*What the task asks*
Copy out each line below containing "extensional".

● ● ● ● ●

(* Let $X$ be a separable metrizable space such that $C_p(X)$ is countable dense homogeneous. Then $X$ is a $\gamma$-set.
   Context: $C_p(X)$ is the space of continuous functions $X\to\mathbb{R}$ with the pointwise convergence topology. A space $Y$ is countable dense homogeneous if it is separable and for any two countable dense $D,E\subseteq Y$ there is a homeomorphism $h\colon Y\to Y$ with $h[D]=E$. An open cover $\mathcal{U}$ of $X$ is an $\omega$-cover if $X\notin\mathcal{U}$ and every finite subset of $X$ is contained in some member of $\mathcal{U}$; a countable open cover $\{U_n\}$ is a $\gamma$-cover if it is infinite and each point of $X$ lies in all but finitely many $U_n$. $X$ is a $\gamma$-set if every open $\omega$-cover of $X$ contains a $\gamma$-cover as a subfamily. *)

theory Defs
  imports "HOL-Analysis.Analysis"
begin

text \<open>C_p(X): real-valued continuous functions on X with the topology of pointwise
convergence, i.e. the subspace of the product space R^X (functions are taken
extensional, i.e. undefined outside topspace X, as required by product_topology).\<close>
definition Cp :: "'a topology \<Rightarrow> ('a \<Rightarrow> real) topology" where
  "Cp X = subtopology (product_topology (\<lambda>_. euclideanreal) (topspace X))
            {f. continuous_map X euclideanreal f \<and> f \<in> extensional (topspace X)}"

definition countable_dense_homogeneous :: "'b topology \<Rightarrow> bool" where
  "countable_dense_homogeneous Y \<longleftrightarrow> separable_space Y \<and>
     (\<forall>D E. countable D \<and> D \<subseteq> topspace Y \<and> Y closure_of D = topspace Y \<and>
            countable E \<and> E \<subseteq> topspace Y \<and> Y closure_of E = topspace Y \<longrightarrow>
            (\<exists>h. homeomorphic_map Y Y h \<and> h ` D = E))"

definition open_cover :: "'a topology \<Rightarrow> 'a set set \<Rightarrow> bool" where
  "open_cover X \<U> \<longleftrightarrow> (\<forall>U\<in>\<U>. openin X U) \<and> topspace X \<subseteq> \<Union>\<U>"

definition omega_cover :: "'a topology \<Rightarrow> 'a set set \<Rightarrow> bool" where
  "omega_cover X \<U> \<longleftrightarrow> open_cover X \<U> \<and> topspace X \<notin> \<U> \<and>
     (\<forall>F. finite F \<and> F \<subseteq> topspace X \<longrightarrow> (\<exists>U\<in>\<U>. F \<subseteq> U))"

definition gamma_cover :: "'a topology \<Rightarrow> 'a set set \<Rightarrow> bool" where
  "gamma_cover X \<U> \<longleftrightarrow> open_cover X \<U> \<and> countable \<U> \<and> infinite \<U> \<and>
     (\<forall>x\<in>topspace X. finite {U\<in>\<U>. x \<notin> U})"

definition gamma_set :: "'a topology \<Rightarrow> bool" where
  "gamma_set X \<longleftrightarrow> (\<forall>\<U>. omega_cover X \<U> \<longrightarrow> (\<exists>\<V>\<subseteq>\<U>. gamma_cover X \<V>))"

end

theory Submission
  imports Defs
begin

text \<open>Let \<open>\<U>\<close> be an \<open>\<omega>\<close>-cover. Since \<open>X\<close> is separable metric, there are countably many
  continuous bumps \<open>\<Phi> j\<close>, each vanishing outside some \<open>W j \<in> \<U>\<close>, such that every
  finite set lies where some \<open>\<Phi> j\<close> is positive. Modifying a countable dense subset of
  \<open>C\<^sub>p(X)\<close> by these bumps gives a countable dense set \<open>{f n}\<close> with \<open>f n \<ge> n\<close> outside
  \<open>W (\<iota> n)\<close>. Countable dense homogeneity, applied to \<open>{f n}\<close> and \<open>{f n} \<union> {1/(k+1)}\<close>,
  transports the convergent sequence of constants \<open>1/(k+1)\<close> to a pointwise convergent
  sequence \<open>f (m k)\<close> with \<open>m\<close> injective. Pointwise convergence bounds \<open>f (m k) x\<close>, so each
  \<open>x\<close> lies outside only finitely many \<open>W (\<iota> (m k))\<close>: these form a \<open>\<gamma>\<close>-subcover of \<open>\<U>\<close>.\<close>

lemma topspace_Cp:
  "topspace (Cp X) = {f. continuous_map X euclideanreal f \<and> f \<in> extensional (topspace X)}"
  unfolding Cp_def by (auto simp: topspace_subtopology PiE_def)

● ● ● ● ●

*Answer for the task*
extensional, i.e. undefined outside topspace X, as required by product_topology).\<close>
            {f. continuous_map X euclideanreal f \<and> f \<in> extensional (topspace X)}"
  "topspace (Cp X) = {f. continuous_map X euclideanreal f \<and> f \<in> extensional (topspace X)}"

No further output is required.